* [What the exercise asks]: Lines before the one containing "sets borel) \<Longrightarrow>" are left out; return that line and all lines after it, exactly, through the end of the records below.

* [Provided material]:
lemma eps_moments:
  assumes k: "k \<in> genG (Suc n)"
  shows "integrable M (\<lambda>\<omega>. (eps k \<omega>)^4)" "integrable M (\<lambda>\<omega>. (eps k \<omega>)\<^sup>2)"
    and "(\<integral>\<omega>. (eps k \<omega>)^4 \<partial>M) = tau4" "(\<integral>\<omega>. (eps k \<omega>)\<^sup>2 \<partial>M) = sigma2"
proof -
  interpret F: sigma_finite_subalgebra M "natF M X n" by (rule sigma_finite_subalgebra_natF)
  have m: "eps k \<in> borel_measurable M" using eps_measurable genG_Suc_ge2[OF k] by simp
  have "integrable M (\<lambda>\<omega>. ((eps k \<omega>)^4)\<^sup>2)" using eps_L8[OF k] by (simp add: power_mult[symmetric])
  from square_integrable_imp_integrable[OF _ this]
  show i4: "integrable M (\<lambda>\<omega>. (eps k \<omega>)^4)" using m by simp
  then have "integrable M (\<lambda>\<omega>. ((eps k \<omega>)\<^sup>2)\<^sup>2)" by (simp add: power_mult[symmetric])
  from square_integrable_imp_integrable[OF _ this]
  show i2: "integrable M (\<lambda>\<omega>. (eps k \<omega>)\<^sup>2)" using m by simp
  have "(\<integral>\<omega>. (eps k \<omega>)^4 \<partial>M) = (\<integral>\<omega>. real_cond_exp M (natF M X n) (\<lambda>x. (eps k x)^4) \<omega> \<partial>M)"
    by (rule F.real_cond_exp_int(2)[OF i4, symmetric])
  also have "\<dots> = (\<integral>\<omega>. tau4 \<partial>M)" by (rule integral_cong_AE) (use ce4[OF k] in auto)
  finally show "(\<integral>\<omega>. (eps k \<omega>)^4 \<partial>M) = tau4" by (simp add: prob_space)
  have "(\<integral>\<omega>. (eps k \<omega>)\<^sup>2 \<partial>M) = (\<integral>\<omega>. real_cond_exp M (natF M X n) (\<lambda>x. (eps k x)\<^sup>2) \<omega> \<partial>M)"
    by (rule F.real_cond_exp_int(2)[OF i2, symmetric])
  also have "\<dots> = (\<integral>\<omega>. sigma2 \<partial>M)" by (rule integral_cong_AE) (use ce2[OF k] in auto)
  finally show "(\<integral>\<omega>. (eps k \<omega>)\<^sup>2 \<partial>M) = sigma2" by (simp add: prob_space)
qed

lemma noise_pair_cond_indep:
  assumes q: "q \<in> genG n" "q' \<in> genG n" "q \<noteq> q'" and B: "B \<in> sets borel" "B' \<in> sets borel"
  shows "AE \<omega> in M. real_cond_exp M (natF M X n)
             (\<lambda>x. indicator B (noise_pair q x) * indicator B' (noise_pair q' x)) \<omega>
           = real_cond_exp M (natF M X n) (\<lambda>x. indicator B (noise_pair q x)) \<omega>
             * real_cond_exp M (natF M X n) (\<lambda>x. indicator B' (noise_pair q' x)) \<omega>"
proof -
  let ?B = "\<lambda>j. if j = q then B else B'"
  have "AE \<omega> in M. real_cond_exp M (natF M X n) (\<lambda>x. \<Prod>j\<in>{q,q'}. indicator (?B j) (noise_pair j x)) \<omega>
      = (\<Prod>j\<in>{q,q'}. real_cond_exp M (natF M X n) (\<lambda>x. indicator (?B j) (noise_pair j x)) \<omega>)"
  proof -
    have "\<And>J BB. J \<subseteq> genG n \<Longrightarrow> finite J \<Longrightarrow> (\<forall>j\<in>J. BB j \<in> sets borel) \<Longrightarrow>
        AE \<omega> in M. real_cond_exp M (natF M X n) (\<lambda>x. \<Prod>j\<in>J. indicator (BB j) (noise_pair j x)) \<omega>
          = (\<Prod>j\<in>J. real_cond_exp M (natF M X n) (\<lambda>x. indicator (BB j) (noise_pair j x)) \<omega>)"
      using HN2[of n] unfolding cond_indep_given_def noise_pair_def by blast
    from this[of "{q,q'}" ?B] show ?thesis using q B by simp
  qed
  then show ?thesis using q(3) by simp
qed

* [Reply]:
    have "\<And>J BB. J \<subseteq> genG n \<Longrightarrow> finite J \<Longrightarrow> (\<forall>j\<in>J. BB j \<in> sets borel) \<Longrightarrow>
        AE \<omega> in M. real_cond_exp M (natF M X n) (\<lambda>x. \<Prod>j\<in>J. indicator (BB j) (noise_pair j x)) \<omega>
          = (\<Prod>j\<in>J. real_cond_exp M (natF M X n) (\<lambda>x. indicator (BB j) (noise_pair j x)) \<omega>)"
      using HN2[of n] unfolding cond_indep_given_def noise_pair_def by blast
    from this[of "{q,q'}" ?B] show ?thesis using q B by simp
  qed
  then show ?thesis using q(3) by simp
qed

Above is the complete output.